Let us start from where we ended yesterday, the P -> Q problem. Remember the truth table?
| P | Q | P -> Q |
| true | true | true |
| true | false | false |
| false | true | true |
| false | false | true |
The way to read the truth table is:
If P is true, Q has to be true. It is called direct reasoning. Q false with P true is a violation of the rule, and therefore if Q is false, P has to be false (indirect reasoning). Finally, if P is not true, Q can be true or false.
Re-look at the earlier rain problem – if it rains, I will take an umbrella. The only thing that is not possible is rain and no umbrella. The statement, it doesn’t rain now, and therefore, I should not have an umbrella [1] is not true; I can have an umbrella, whether it rains or not. Also, the statement, I am carrying an umbrella, and therefore it is raining [2] is also wrong.
The above statements numbered 1 and 2 mark two widespread logical errors. [1] is called the fallacy of the inverse. An example is: if it’s a dog, it has a tail. The fallacy is if it is not a dog, it can not have a tail. But what about a cat?
[2] is called the fallacy of the converse. An example is catholic priests are men. He is a man and, therefore, must be a catholic priest.

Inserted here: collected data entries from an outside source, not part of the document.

(* Let $(A,C,k)$ be an instance with $n$ voters, let $f:\mathbb{N}\to\mathbb{R}$, let $t$ be a positive integer, and let $W$ be an $f$-representative committee with $\max_{c\in C\setminus W}|N_c| \ge t\frac{n}{k}$. Then the utilitarian ratio of $W$ is at least $\min\left(\frac12, \frac{f(t)}{2k}\right)$.
   Context: An instance $(A,C,k)$ consists of a finite nonempty candidate set $C$, voters $N=\{1,\dots,n\}$, approval sets $A_i\subseteq C$, and a committee size $1\le k\le |C|$. $N_c=\{i\in N: c\in A_i\}$. A committee is a set $W\subseteq C$ with $|W|\le k$. The utilitarian welfare is $\mathrm{sw}(W)=\sum_{i\in N}|A_i\cap W|$, and the utilitarian ratio of $W$ is $\mathrm{sw}(W)/\max\{\mathrm{sw}(W'): W'\subseteq C, |W'|=k\}$. A committee $W$ is $f$-representative if for every $c\in C\setminus W$, every $\ell\in\{1,\dots,k\}$, and every $N'\subseteq N_c$ with $|N'|\ge \ell\frac{n}{k}$, we have $\frac{1}{|N'|}\sum_{i\in N'}|A_i\cap W|\ge f(\ell)$. *)

theory Defs
  imports Complex_Main
begin

definition is_instance :: "'c set \<Rightarrow> nat \<Rightarrow> (nat \<Rightarrow> 'c set) \<Rightarrow> nat \<Rightarrow> bool" where
  "is_instance C n A k \<longleftrightarrow> finite C \<and> C \<noteq> {} \<and> (\<forall>i\<in>{1..n}. A i \<subseteq> C) \<and> 1 \<le> k \<and> k \<le> card C"

definition supporters :: "nat \<Rightarrow> (nat \<Rightarrow> 'c set) \<Rightarrow> 'c \<Rightarrow> nat set" where
  "supporters n A c = {i \<in> {1..n}. c \<in> A i}"

definition committee :: "'c set \<Rightarrow> nat \<Rightarrow> 'c set \<Rightarrow> bool" where
  "committee C k W \<longleftrightarrow> W \<subseteq> C \<and> card W \<le> k"

definition sw :: "nat \<Rightarrow> (nat \<Rightarrow> 'c set) \<Rightarrow> 'c set \<Rightarrow> nat" where
  "sw n A W = (\<Sum>i\<in>{1..n}. card (A i \<inter> W))"

definition util_ratio :: "'c set \<Rightarrow> nat \<Rightarrow> (nat \<Rightarrow> 'c set) \<Rightarrow> nat \<Rightarrow> 'c set \<Rightarrow> real" where
  "util_ratio C n A k W =
     real (sw n A W) / real (Max {sw n A W' | W'. W' \<subseteq> C \<and> card W' = k})"

definition f_representative ::
  "(nat \<Rightarrow> real) \<Rightarrow> 'c set \<Rightarrow> nat \<Rightarrow> (nat \<Rightarrow> 'c set) \<Rightarrow> nat \<Rightarrow> 'c set \<Rightarrow> bool" where
  "f_representative f C n A k W \<longleftrightarrow>
     (\<forall>c \<in> C - W. \<forall>l \<in> {1..k}. \<forall>N' \<subseteq> supporters n A c.
        real (card N') \<ge> real l * real n / real k \<longrightarrow>
        (\<Sum>i\<in>N'. real (card (A i \<inter> W))) / real (card N') \<ge> f l)"

end

theory Submission
  imports Defs
begin

text \<open>Let \<open>c\<close> be an unelected candidate with the most supporters, \<open>m = |N\<^sub>c| \<ge> t n / k\<close>.
  Representativeness applied to \<open>N' = N\<^sub>c\<close> and \<open>\<ell> = t\<close> gives \<open>sw(W) \<ge> f(t) m\<close>. Counting welfare
  candidate by candidate, an optimal committee gains over \<open>W\<close> at most \<open>m\<close> per candidate outside
  \<open>W\<close>, so \<open>OPT \<le> sw(W) + k m\<close>. If \<open>f(t) \<ge> k\<close> this gives \<open>OPT \<le> 2 sw(W)\<close>, and otherwise
  \<open>f(t) OPT \<le> f(t) sw(W) + k sw(W) \<le> 2 k sw(W)\<close>.\<close>

lemma sw_eq_sum_supporters:
  assumes "finite S"
  shows "sw n A S = (\<Sum>c\<in>S. card (supporters n A c))"
proof -
  have "sw n A S = (\<Sum>i\<in>{1..n}. \<Sum>c\<in>S. of_bool (c \<in> A i))"
    unfolding sw_def using assms by (intro sum.cong refl) (simp add: Int_commute)
  also have "\<dots> = (\<Sum>c\<in>S. \<Sum>i\<in>{1..n}. of_bool (c \<in> A i))"
    by (rule sum.swap)
  also have "\<dots> = (\<Sum>c\<in>S. card (supporters n A c))"
    unfolding supporters_def by (intro sum.cong refl) (simp add: Int_def)
  finally show ?thesis .
qed

lemma card_supporters_le: "card (supporters n A c) \<le> n"
proof -
  have "supporters n A c \<subseteq> {1..n}"
    by (auto simp: supporters_def)
  then show ?thesis
    using card_mono[of "{1..n}"] by fastforce
qed

lemma le_of_card_supporters_ge:
  assumes "1 \<le> n" "1 \<le> k" "real t * real n / real k \<le> real (card (supporters n A c))"
  shows "t \<le> k"
proof -
  have "real t * real n \<le> real k * real (card (supporters n A c))"
    using assms(2,3) by (simp add: field_simps)
  also have "\<dots> \<le> real k * real n"
    using card_supporters_le[of n A c] by (intro mult_left_mono) simp_all
  finally show ?thesis
    using assms(1) by simp
qed

lemma sw_singleton: "sw n A {c} = card (supporters n A c)"
  by (simp add: sw_eq_sum_supporters)

lemma sw_mono: "finite W' \<Longrightarrow> W \<subseteq> W' \<Longrightarrow> sw n A W \<le> sw n A W'"
  unfolding sw_def by (intro sum_mono card_mono) auto

lemma sw_le_sw_add_card_mult:
  assumes "finite W" "finite W'"
    and "\<And>c. c \<in> W' - W \<Longrightarrow> card (supporters n A c) \<le> m"
  shows "sw n A W' \<le> sw n A W + card W' * m"
proof -
  have "sw n A W' = (\<Sum>c\<in>W' \<inter> W. card (supporters n A c)) + (\<Sum>c\<in>W' - W. card (supporters n A c))"
    using assms(2) by (simp add: sw_eq_sum_supporters sum.Int_Diff)
  also have "(\<Sum>c\<in>W' \<inter> W. card (supporters n A c)) \<le> sw n A W"
    using assms(1) by (simp add: sw_eq_sum_supporters sum_mono2)
  also have "(\<Sum>c\<in>W' - W. card (supporters n A c)) \<le> card (W' - W) * m"
    using sum_bounded_above[of "W' - W" "\<lambda>c. card (supporters n A c)" m] assms(3) by simp
  also have "card (W' - W) * m \<le> card W' * m"
    using assms(2) by (simp add: card_mono)
  finally show ?thesis by simp
qed

definition max_sw :: "'c set \<Rightarrow> nat \<Rightarrow> (nat \<Rightarrow> 'c set) \<Rightarrow> nat \<Rightarrow> nat" where
  "max_sw C n A k = Max {sw n A W' | W'. W' \<subseteq> C \<and> card W' = k}"

lemma util_ratio_eq: "util_ratio C n A k W = real (sw n A W) / real (max_sw C n A k)"
  by (simp add: util_ratio_def max_sw_def)

lemma finite_sw_values: "finite C \<Longrightarrow> finite {sw n A W' | W'. W' \<subseteq> C \<and> card W' = k}"
  by (rule finite_subset[of _ "sw n A ` Pow C"]) auto

lemma sw_le_max_sw:
  "finite C \<Longrightarrow> W' \<subseteq> C \<Longrightarrow> card W' = k \<Longrightarrow> sw n A W' \<le> max_sw C n A k"
  unfolding max_sw_def by (rule Max_ge[OF finite_sw_values]) auto

lemma max_sw_attained:
  assumes "finite C" "k \<le> card C"
  obtains W' where "W' \<subseteq> C" "card W' = k" "max_sw C n A k = sw n A W'"
proof -
  have "{sw n A W' | W'. W' \<subseteq> C \<and> card W' = k} \<noteq> {}"
    using assms(2) by (auto dest: obtain_subset_with_card_n)
  then have "max_sw C n A k \<in> {sw n A W' | W'. W' \<subseteq> C \<and> card W' = k}"
    unfolding max_sw_def using assms(1) by (intro Max_in finite_sw_values)
  then show ?thesis using that by auto
qed

lemma max_sw_le_sw_add:
  assumes "finite C" "W \<subseteq> C" "k \<le> card C"
    and "\<And>c. c \<in> C - W \<Longrightarrow> card (supporters n A c) \<le> m"
  shows "max_sw C n A k \<le> sw n A W + k * m"
proof -
  obtain W' where W': "W' \<subseteq> C" "card W' = k" "max_sw C n A k = sw n A W'"
    using max_sw_attained assms(1,3) by metis
  have "sw n A W' \<le> sw n A W + card W' * m"
    using W'(1) assms by (intro sw_le_sw_add_card_mult) (auto intro: finite_subset)
  then show ?thesis
    using W'(2,3) by simp
qed

lemma supporters_le_max_sw:
  assumes "finite C" "c \<in> C" "1 \<le> k" "k \<le> card C"
  shows "card (supporters n A c) \<le> max_sw C n A k"
proof -
  have "k - 1 \<le> card (C - {c})"
    using assms by simp
  then obtain B where B: "B \<subseteq> C - {c}" "card B = k - 1"
    by (meson obtain_subset_with_card_n)
  have "finite B"
    using B(1) assms(1) finite_subset by blast
  moreover have "c \<notin> B"
    using B(1) by blast
  ultimately have "card (insert c B) = k"
    using B(2) assms(3) by simp
  moreover have "insert c B \<subseteq> C"
    using B(1) assms(2) by blast
  ultimately have "sw n A (insert c B) \<le> max_sw C n A k"
    using assms(1) by (intro sw_le_max_sw)
  moreover have "sw n A {c} \<le> sw n A (insert c B)"
    using \<open>finite B\<close> by (intro sw_mono) auto
  ultimately show ?thesis
    by (simp add: sw_singleton)
qed

lemma f_representative_sw_ge:
  assumes "f_representative f C n A k W" "c \<in> C - W" "l \<in> {1..k}"
    and "real (card (supporters n A c)) \<ge> real l * real n / real k"
  shows "f l * real (card (supporters n A c)) \<le> real (sw n A W)"
proof (cases "supporters n A c = {}")
  case False
  have "finite (supporters n A c)"
    by (simp add: supporters_def)
  with False have pos: "real (card (supporters n A c)) > 0"
    by (simp add: card_gt_0_iff)
  have "f l \<le> (\<Sum>i\<in>supporters n A c. real (card (A i \<inter> W))) / real (card (supporters n A c))"
    using assms unfolding f_representative_def by blast
  then have "f l * real (card (supporters n A c)) \<le> (\<Sum>i\<in>supporters n A c. real (card (A i \<inter> W)))"
    using pos by (simp add: pos_le_divide_eq)
  also have "\<dots> \<le> (\<Sum>i\<in>{1..n}. real (card (A i \<inter> W)))"
    by (rule sum_mono2) (auto simp: supporters_def)
  also have "\<dots> = real (sw n A W)"
    by (simp add: sw_def)
  finally show ?thesis .
qed simp

lemma ratio_ge_min_half:
  fixes s opt F m k :: real
  assumes "0 < m" "0 < k" "0 \<le> s" "0 < opt" "F * m \<le> s" "opt \<le> s + k * m"
  shows "min (1/2) (F / (2 * k)) \<le> s / opt"
proof (cases "k \<le> F")
  case True
  then have "k * m \<le> s"
    using assms(1,5) by (meson mult_right_mono less_imp_le order_trans)
  then have "opt \<le> 2 * s"
    using assms(6) by linarith
  then have "1/2 \<le> s / opt"
    using assms(4) by (simp add: divide_simps)
  then show ?thesis by linarith
next
  case False
  show ?thesis
  proof (cases "F \<le> 0")
    case True
    then have "F / (2 * k) \<le> 0"
      using assms(2) by (simp add: divide_nonpos_pos)
    moreover have "0 \<le> s / opt"
      using assms(3,4) by simp
    ultimately show ?thesis by linarith
  next
    case F_pos: False
    have "F * opt \<le> F * s + k * (F * m)"
      using mult_left_mono[OF assms(6), of F] F_pos by (simp add: algebra_simps)
    also have "\<dots> \<le> F * s + k * s"
      using assms(2,5) by simp
    also have "\<dots> \<le> 2 * k * s"
      using False assms(3) by (simp add: mult_right_mono)
    finally have "F / (2 * k) \<le> s / opt"
      using assms(2,4) by (simp add: divide_simps mult.commute)
    then show ?thesis by linarith
  qed
qed

theorem lemma1:
  fixes C :: "'c set" and A :: "nat \<Rightarrow> 'c set" and n k t :: nat and f :: "nat \<Rightarrow> real"
    and W :: "'c set"
  assumes "is_instance C n A k"
    and "n \<ge> 1"
    and "t \<ge> 1"
    and "committee C k W"
    and "f_representative f C n A k W"
    and "C - W \<noteq> {}"
    and "real (Max ((\<lambda>c. card (supporters n A c)) ` (C - W))) \<ge> real t * real n / real k"
  shows "util_ratio C n A k W \<ge> min (1/2) (f t / (2 * real k))"
proof -
  have fin: "finite C" and WC: "W \<subseteq> C" and k: "1 \<le> k" "k \<le> card C"
    using assms(1,4) by (auto simp: is_instance_def committee_def)
  define m where "m = Max ((\<lambda>c. card (supporters n A c)) ` (C - W))"
  have m_max: "card (supporters n A c') \<le> m" if "c' \<in> C - W" for c'
    unfolding m_def using fin that by (intro Max_ge) auto
  have "m \<in> (\<lambda>c. card (supporters n A c)) ` (C - W)"
    unfolding m_def using fin assms(6) by (intro Max_in) auto
  then obtain c where c: "c \<in> C - W" "card (supporters n A c) = m"
    by auto
  have m_ge: "real t * real n / real k \<le> real m"
    using assms(7) by (simp add: m_def)
  then have "t \<in> {1..k}"
    using le_of_card_supporters_ge[of n k t A c] assms(2,3) k(1) c(2) by simp
  then have sw_W: "f t * real m \<le> real (sw n A W)"
    using f_representative_sw_ge[OF assms(5) c(1)] c(2) m_ge by simp
  have "max_sw C n A k \<le> sw n A W + k * m"
    using max_sw_le_sw_add fin WC k(2) m_max by metis
  then have opt_le: "real (max_sw C n A k) \<le> real (sw n A W) + real k * real m"
    by (metis of_nat_add of_nat_mult of_nat_le_iff)
  have "0 < real t * real n / real k"
    using assms(2,3) k(1) by simp
  then have m_pos: "0 < real m"
    using m_ge by linarith
  moreover have "m \<le> max_sw C n A k"
    using c fin k by (metis DiffD1 supporters_le_max_sw)
  ultimately have "0 < real (max_sw C n A k)"
    by linarith
  then show ?thesis
    unfolding util_ratio_eq using ratio_ge_min_half[OF m_pos _ _ _ sw_W opt_le] k(1) by simp
qed

end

From the examples so far, it seems the inverse and converse errors are easy to spot and escape; until you reach more complex situations such as the equation of life! Yes, the Bayesian way of interpreting evidence. Take our famous example, suppose the probability of having a test is positive given the person has the disease (sensitivity of the equipment) is 95% or P(+|D). We know from our earlier discussions that this is just one variable in the equation. We need more data to estimate our ultimate quest, i.e. P(D|+) or the probability of having the disease given the test is positive. Yet, most people jump to conclude that the probability of getting the disease is 95%. Let’s re-phrase the equation to the PQ format. If the person has the disease, there is a 95% chance that the instrument will test +ve (P ->Q). But, the public presumes the converse, i.e. the device has tested +ve, and therefore the person has a 95% chance of having the disease, which is utter nonsense for a rare disease (low prior).